Data records

▬▬▬▬▬▬▬▬▬▬

(* Let $x_1,\dots,x_n$ be i.i.d. from a distribution $\mathcal{D}$ on $\{x\in\mathbb{R}^d:\|x\|_2\le1\}$, let $\theta_a^\star\in\mathbb{R}^d$ with $\|\theta_a^\star\|_2\le1$ for $a\in\mathcal{M}=\{1,\dots,N\}$, let $\hat\theta_a\in\mathbb{R}^d$ be arbitrary, and let $\varepsilon:=\max_a\|\hat\theta_a-\theta_a^\star\|_2$. Define $\mu(a;S;x):=\langle\theta_a^\star,x\rangle-\alpha\lambda_a\mathbf{1}\{a\notin S\}$, $\hat\mu(a;S;x):=\langle\hat\theta_a,x\rangle-\alpha\lambda_a\mathbf{1}\{a\notin S\}$, $F(S):=\mathbb{E}_{x\sim\mathcal{D}}[\max_a\mu(a;S;x)]$, $\hat F_n(S):=\frac1n\sum_{t=1}^n\max_a\hat\mu(a;S;x_t)$, and for $\delta'\in(0,1)$ and $1\le K\le N$, $$\rho_n:=\varepsilon+\bar B\sqrt{\frac{2\bigl(K\log(eN/K)+\log(2/\delta')\bigr)}{n}},\qquad \bar B:=2+\alpha\lambda_{\max}.$$ Then with probability at least $1-\delta'$, $\sup_{|S|\le K}|\hat F_n(S)-F(S)|\le\rho_n$. Consequently, if $\hat C\in\arg\max_{|S|\le K}\hat F_n(S)$, then for any fixed $C_0\subseteq\mathcal{M}$ with $|C_0|=K$, $F(C_0)-F(\hat C)\le2\rho_n$.
   Context: Here $\alpha>0$ and $\lambda_a\in(0,\lambda_{\max}]$ are fixed constants, and $S$ ranges over subsets of $\mathcal{M}$. *)

theory Defs
  imports "HOL-Probability.Probability"
begin

definition mu_val :: "(nat \<Rightarrow> 'a::euclidean_space) \<Rightarrow> real \<Rightarrow> (nat \<Rightarrow> real)
    \<Rightarrow> nat \<Rightarrow> nat set \<Rightarrow> 'a \<Rightarrow> real" where
  "mu_val \<theta> \<alpha> lam a S x = inner (\<theta> a) x - \<alpha> * lam a * (if a \<notin> S then 1 else 0)"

▬▬▬▬▬▬▬▬▬▬

*ABOUT THIS EXERCISE:* Write the records out once more, exactly as shown.

*WRITTEN RESPONSE:*
(* Let $x_1,\dots,x_n$ be i.i.d. from a distribution $\mathcal{D}$ on $\{x\in\mathbb{R}^d:\|x\|_2\le1\}$, let $\theta_a^\star\in\mathbb{R}^d$ with $\|\theta_a^\star\|_2\le1$ for $a\in\mathcal{M}=\{1,\dots,N\}$, let $\hat\theta_a\in\mathbb{R}^d$ be arbitrary, and let $\varepsilon:=\max_a\|\hat\theta_a-\theta_a^\star\|_2$. Define $\mu(a;S;x):=\langle\theta_a^\star,x\rangle-\alpha\lambda_a\mathbf{1}\{a\notin S\}$, $\hat\mu(a;S;x):=\langle\hat\theta_a,x\rangle-\alpha\lambda_a\mathbf{1}\{a\notin S\}$, $F(S):=\mathbb{E}_{x\sim\mathcal{D}}[\max_a\mu(a;S;x)]$, $\hat F_n(S):=\frac1n\sum_{t=1}^n\max_a\hat\mu(a;S;x_t)$, and for $\delta'\in(0,1)$ and $1\le K\le N$, $$\rho_n:=\varepsilon+\bar B\sqrt{\frac{2\bigl(K\log(eN/K)+\log(2/\delta')\bigr)}{n}},\qquad \bar B:=2+\alpha\lambda_{\max}.$$ Then with probability at least $1-\delta'$, $\sup_{|S|\le K}|\hat F_n(S)-F(S)|\le\rho_n$. Consequently, if $\hat C\in\arg\max_{|S|\le K}\hat F_n(S)$, then for any fixed $C_0\subseteq\mathcal{M}$ with $|C_0|=K$, $F(C_0)-F(\hat C)\le2\rho_n$.
   Context: Here $\alpha>0$ and $\lambda_a\in(0,\lambda_{\max}]$ are fixed constants, and $S$ ranges over subsets of $\mathcal{M}$. *)

theory Defs
  imports "HOL-Probability.Probability"
begin

definition mu_val :: "(nat \<Rightarrow> 'a::euclidean_space) \<Rightarrow> real \<Rightarrow> (nat \<Rightarrow> real)
    \<Rightarrow> nat \<Rightarrow> nat set \<Rightarrow> 'a \<Rightarrow> real" where
  "mu_val \<theta> \<alpha> lam a S x = inner (\<theta> a) x - \<alpha> * lam a * (if a \<notin> S then 1 else 0)"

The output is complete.